Tuesday, September 02, 2003

Foreign Policy: Déjà Vu All Over Again

Cato's Charles V. Peña writes that Iranian nuclear weapons are not a threat to the US:

The bottom line, however, is that Iran, like Iraq, is not a direct military threat to the United States, even if it possesses weapons of mass destruction. The terrorist groups Iran supports are anti-Israeli and do not currently target the United States. And the allegations of linkages to al Qaeda are as tenuous as the claims made about Iraq. As Yogi Berra said, it's déjà vu all over again.

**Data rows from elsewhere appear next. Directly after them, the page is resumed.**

(* Let $\Gamma$ be a (finite or infinite) bipartite graph with $|V(\Gamma)|\geq 4$. The following are equivalent: (1) $\Gamma$ is a discrete half graph; (2) $P_5\not\leq\Gamma$ and $\Gamma$ is critical.
   Context: A bipartite graph $\Gamma$ with bipartition $\{X,Y\}$ is a half graph if there exist a linear order $L$ on $X$ and a bijection $\varphi:X\to Y$ such that $E(\Gamma)=\{\{x,\varphi(x')\}: x\leq x' \bmod L\}$; such $L$ is unique. A linear order $L$ is discrete if every element that is not the smallest has a predecessor and every element that is not the largest has a successor. A half graph is discrete if the linear order $L$ above is discrete. $P_5$ is the path on 5 vertices; $G\leq H$ means $G$ is isomorphic to an induced subgraph of $H$. A module of a graph is a set $M$ of vertices such that each vertex outside $M$ is adjacent to all or none of $M$; $\emptyset$, $V(\Gamma)$ and singletons are trivial; $\Gamma$ is prime if $|V(\Gamma)|\geq 3$ and all its modules are trivial; a prime graph $\Gamma$ is critical if $\Gamma-v$ is not prime for every vertex $v$. *)

theory Defs
  imports Main
begin

definition graph :: "'a set \<Rightarrow> ('a \<Rightarrow> 'a \<Rightarrow> bool) \<Rightarrow> bool" where
  "graph V E \<longleftrightarrow> (\<forall>u v. E u v \<longrightarrow> u \<in> V \<and> v \<in> V \<and> u \<noteq> v \<and> E v u)"

definition bipartite :: "'a set \<Rightarrow> ('a \<Rightarrow> 'a \<Rightarrow> bool) \<Rightarrow> bool" where
  "bipartite V E \<longleftrightarrow> (\<exists>X Y. X \<inter> Y = {} \<and> X \<union> Y = V \<and>
      (\<forall>u\<in>X. \<forall>v\<in>X. \<not> E u v) \<and> (\<forall>u\<in>Y. \<forall>v\<in>Y. \<not> E u v))"

definition discrete_order :: "'a set \<Rightarrow> 'a rel \<Rightarrow> bool" where
  "discrete_order X r \<longleftrightarrow>
     (\<forall>x\<in>X. (\<exists>y\<in>X. (y, x) \<in> r \<and> y \<noteq> x) \<longrightarrow>
        (\<exists>p\<in>X. (p, x) \<in> r \<and> p \<noteq> x \<and>
           \<not> (\<exists>z\<in>X. (p, z) \<in> r \<and> (z, x) \<in> r \<and> z \<noteq> p \<and> z \<noteq> x))) \<and>
     (\<forall>x\<in>X. (\<exists>y\<in>X. (x, y) \<in> r \<and> y \<noteq> x) \<longrightarrow>
        (\<exists>s\<in>X. (x, s) \<in> r \<and> s \<noteq> x \<and>
           \<not> (\<exists>z\<in>X. (x, z) \<in> r \<and> (z, s) \<in> r \<and> z \<noteq> x \<and> z \<noteq> s)))"

definition half_graph_wrt ::
  "'a set \<Rightarrow> ('a \<Rightarrow> 'a \<Rightarrow> bool) \<Rightarrow> 'a set \<Rightarrow> 'a set \<Rightarrow> 'a rel \<Rightarrow> ('a \<Rightarrow> 'a) \<Rightarrow> bool" where
  "half_graph_wrt V E X Y r \<phi> \<longleftrightarrow>
     X \<inter> Y = {} \<and> X \<union> Y = V \<and> r \<subseteq> X \<times> X \<and> linear_order_on X r \<and>
     bij_betw \<phi> X Y \<and>
     (\<forall>u v. E u v \<longleftrightarrow> (\<exists>x\<in>X. \<exists>x'\<in>X. (x, x') \<in> r \<and>
                         ((u = x \<and> v = \<phi> x') \<or> (v = x \<and> u = \<phi> x'))))"

definition discrete_half_graph :: "'a set \<Rightarrow> ('a \<Rightarrow> 'a \<Rightarrow> bool) \<Rightarrow> bool" where
  "discrete_half_graph V E \<longleftrightarrow>
     (\<exists>X Y r \<phi>. half_graph_wrt V E X Y r \<phi> \<and> discrete_order X r)"

definition contains_induced_P5 :: "'a set \<Rightarrow> ('a \<Rightarrow> 'a \<Rightarrow> bool) \<Rightarrow> bool" where
  "contains_induced_P5 V E \<longleftrightarrow>
     (\<exists>f :: nat \<Rightarrow> 'a. inj_on f {0..<5} \<and> f ` {0..<5} \<subseteq> V \<and>
        (\<forall>i<5. \<forall>j<5. E (f i) (f j) \<longleftrightarrow> (i = Suc j \<or> j = Suc i)))"

text \<open>Modules, primality and criticality. All notions only look at vertices in V,
so the induced subgraph Gamma - v is represented by (V - {v}, E).\<close>

definition module :: "'a set \<Rightarrow> ('a \<Rightarrow> 'a \<Rightarrow> bool) \<Rightarrow> 'a set \<Rightarrow> bool" where
  "module V E M \<longleftrightarrow> M \<subseteq> V \<and>
     (\<forall>v\<in>V - M. (\<forall>m\<in>M. E v m) \<or> (\<forall>m\<in>M. \<not> E v m))"

definition trivial_module :: "'a set \<Rightarrow> 'a set \<Rightarrow> bool" where
  "trivial_module V M \<longleftrightarrow> M = {} \<or> M = V \<or> (\<exists>x. M = {x})"

definition prime_graph :: "'a set \<Rightarrow> ('a \<Rightarrow> 'a \<Rightarrow> bool) \<Rightarrow> bool" where
  "prime_graph V E \<longleftrightarrow> (infinite V \<or> 3 \<le> card V) \<and>
     (\<forall>M. module V E M \<longrightarrow> trivial_module V M)"

definition critical :: "'a set \<Rightarrow> ('a \<Rightarrow> 'a \<Rightarrow> bool) \<Rightarrow> bool" where
  "critical V E \<longleftrightarrow> prime_graph V E \<and> (\<forall>v\<in>V. \<not> prime_graph (V - {v}) E)"

end

theory Submission
  imports Defs
begin

text \<open>
In a half graph the neighbourhoods of vertices on the same side are nested, whereas the second and
fourth vertex of an induced P5 have a common neighbour and incomparable neighbourhoods. A module
containing a vertex x together with its partner \<phi> x absorbs every other pair c, \<phi> c, so half graphs
are prime. Deleting x \<in> X leaves a nontrivial module exactly when x is the minimum (then \<phi> x becomes
isolated) or has an immediate predecessor p (then \<phi> p and \<phi> x become twins); otherwise every module
split by x still contains such a pair. Exchanging the two sides reverses the order, so deleting \<phi> x
is governed by immediate successors, and a half graph is critical iff its order is discrete.

Being prime, \<Gamma> is connected and has no twins,
and a walk between two vertices of the same side with incomparable neighbourhoods would produce an
induced P5; so the neighbourhoods on each side form a chain. Criticality gives every x \<in> X a private
neighbour \<phi> x, adjacent to no x' with a smaller neighbourhood. Then x' is adjacent to \<phi> x iff
N(x) \<subseteq> N(x'), and \<phi> is a bijection onto Y, so \<Gamma> is a half graph for the order x \<le> x' iff
N(x') \<subseteq> N(x), which is discrete by the first part.
\<close>

section \<open>Graphs and induced paths\<close>

lemma graph_sym: "graph V E \<Longrightarrow> E u v \<Longrightarrow> E v u"
  unfolding graph_def by blast

lemma graph_vertices: "graph V E \<Longrightarrow> E u v \<Longrightarrow> u \<in> V \<and> v \<in> V"
  unfolding graph_def by blast

lemma graph_irrefl: "graph V E \<Longrightarrow> \<not> E u u"
  unfolding graph_def by blast

lemma contains_induced_P5_iff:
  assumes g: "graph V E"
  shows "contains_induced_P5 V E \<longleftrightarrow>
    (\<exists>p0 p1 p2 p3 p4. E p0 p1 \<and> E p1 p2 \<and> E p2 p3 \<and> E p3 p4 \<and>
       \<not> E p0 p2 \<and> \<not> E p0 p3 \<and> \<not> E p0 p4 \<and> \<not> E p1 p3 \<and> \<not> E p1 p4 \<and> \<not> E p2 p4)"
    (is "_ \<longleftrightarrow> (\<exists>p0 p1 p2 p3 p4. ?path p0 p1 p2 p3 p4)")
proof
  assume "contains_induced_P5 V E"
  then obtain f :: "nat \<Rightarrow> 'a" where f: "\<forall>i<5. \<forall>j<5. E (f i) (f j) \<longleftrightarrow> (i = Suc j \<or> j = Suc i)"
    unfolding contains_induced_P5_def by blast
  have "?path (f 0) (f 1) (f 2) (f 3) (f 4)"
    using f[rule_format, of 0 1] f[rule_format, of 1 2] f[rule_format, of 2 3]
      f[rule_format, of 3 4] f[rule_format, of 0 2] f[rule_format, of 0 3]
      f[rule_format, of 0 4] f[rule_format, of 1 3] f[rule_format, of 1 4]
      f[rule_format, of 2 4]
    by simp
  then show "\<exists>p0 p1 p2 p3 p4. ?path p0 p1 p2 p3 p4" by blast
next
  assume "\<exists>p0 p1 p2 p3 p4. ?path p0 p1 p2 p3 p4"
  then obtain p0 p1 p2 p3 p4 where p: "?path p0 p1 p2 p3 p4" by blast
  define f where "f i = [p0, p1, p2, p3, p4] ! i" for i
  have below5: "i < 5 \<Longrightarrow> i \<in> {0, 1, 2, 3, 4}" for i :: nat by auto
  have f_simps: "f 0 = p0" "f (Suc 0) = p1" "f 2 = p2" "f 3 = p3" "f 4 = p4"
    by (simp_all add: f_def numeral_eq_Suc)
  have sym: "E p1 p0" "E p2 p1" "E p3 p2" "E p4 p3" "\<not> E p2 p0" "\<not> E p3 p0" "\<not> E p4 p0"
    "\<not> E p3 p1" "\<not> E p4 p1" "\<not> E p4 p2"
    using p graph_sym[OF g] by blast+
  have loops: "\<not> E p p" for p using graph_irrefl[OF g] .
  have distinct: "p0 \<noteq> p1" "p0 \<noteq> p2" "p0 \<noteq> p3" "p0 \<noteq> p4" "p1 \<noteq> p2" "p1 \<noteq> p3"
    "p1 \<noteq> p4" "p2 \<noteq> p3" "p2 \<noteq> p4" "p3 \<noteq> p4"
    using p sym loops by metis+
  have edges: "E (f i) (f j) \<longleftrightarrow> (i = Suc j \<or> j = Suc i)" if "i < 5" "j < 5" for i j
    using below5[OF that(1)] below5[OF that(2)]
    by (elim insertE emptyE) (simp_all add: f_simps p sym loops)
  have "inj_on f {0..<5}"
  proof (rule inj_onI)
    fix i j assume "i \<in> {0..<5}" "j \<in> {0..<5}" "f i = f j"
    then show "i = j"
      using below5[of i] below5[of j] distinct distinct[symmetric]
      by (auto simp: f_simps)
  qed
  moreover have "f ` {0..<5} \<subseteq> V"
    using p graph_vertices[OF g] below5 by (fastforce simp: f_simps)
  ultimately show "contains_induced_P5 V E"
    unfolding contains_induced_P5_def using edges by blast
qed

lemma induced_P5_from_walk:
  assumes g: "graph V E" and triangle_free: "\<And>u v w. E u v \<Longrightarrow> E v w \<Longrightarrow> \<not> E u w"
    and walk: "E\<^sup>*\<^sup>* a c"
    and "E a b" "E c d" "\<not> E a c" "\<not> E a d" "\<not> E b c" "\<not> E b d"
  shows "contains_induced_P5 V E"
  using walk assms(4-)
proof (induction arbitrary: b rule: converse_rtranclp_induct)
  case base
  then show ?case using graph_sym[OF g] by blast
next
  case (step a v)
  txt \<open>The next vertex v of the walk either closes one of the induced paths b a v c d and
    b a v d c, or reproduces the configuration with (v, a) in place of (a, b).\<close>
  have "E b a" "\<not> E b v" using step.prems(1) \<open>E a v\<close> graph_sym[OF g] triangle_free by blast+
  consider "E v c" | "\<not> E v c" "E v d" | "\<not> E v c" "\<not> E v d" by blast
  then show ?case
  proof cases
    case 1
    have "\<not> E v d" using 1 \<open>E c d\<close> triangle_free by blast
    then show ?thesis
      using 1 step \<open>E b a\<close> \<open>\<not> E b v\<close> unfolding contains_induced_P5_iff[OF g] by blast
  next
    case 2
    then show ?thesis
      using step \<open>E b a\<close> \<open>\<not> E b v\<close> graph_sym[OF g] unfolding contains_induced_P5_iff[OF g]
      by blast
  next
    case 3
    then show ?thesis using step graph_sym[OF g] by blast
  qed
qed

section \<open>Modules and prime graphs\<close>

lemma module_subset: "module W E M \<Longrightarrow> M \<subseteq> W"
  unfolding module_def by blast

lemma module_separator:
  assumes "module W E M" "u \<in> M" "u' \<in> M" "w \<in> W" "E w u" "\<not> E w u'"
  shows "w \<in> M"
  using assms unfolding module_def by blast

It would be folly for the United States to wage another war against another Muslim nation after Afghanistan and Iraq. Such action would likely be interpreted as a war against Islam by the rest of the Muslim world. If anything, the United States needs to avoid turning the war on terrorism against al Qaeda into a larger holy war against Islam and the more than one billion Muslims around the world.
Iran's Islamic government issued a fatwa against British novelist Salman Rushdie calling for his murder on the grounds that his 1989 book The Satanic Verses blasphemed Islam. This fatwa, a threat against the free exchange of ideas--the very cornerstone of western civilization--has never been rescinded by Iran.

The Rushdie fatwa alone is justification for war with Iran. The prospect that the same power that believes it has the right to kill writers it doesn’t like is developing nuclear weapons ought to be cause for serious pause. So what if Islam interprets a war with Iran as a war against Islam? Islamic militants have no qualms over waging war against us. Yet even post-9/11, it seems people in the US still have qualms with our waging a defense.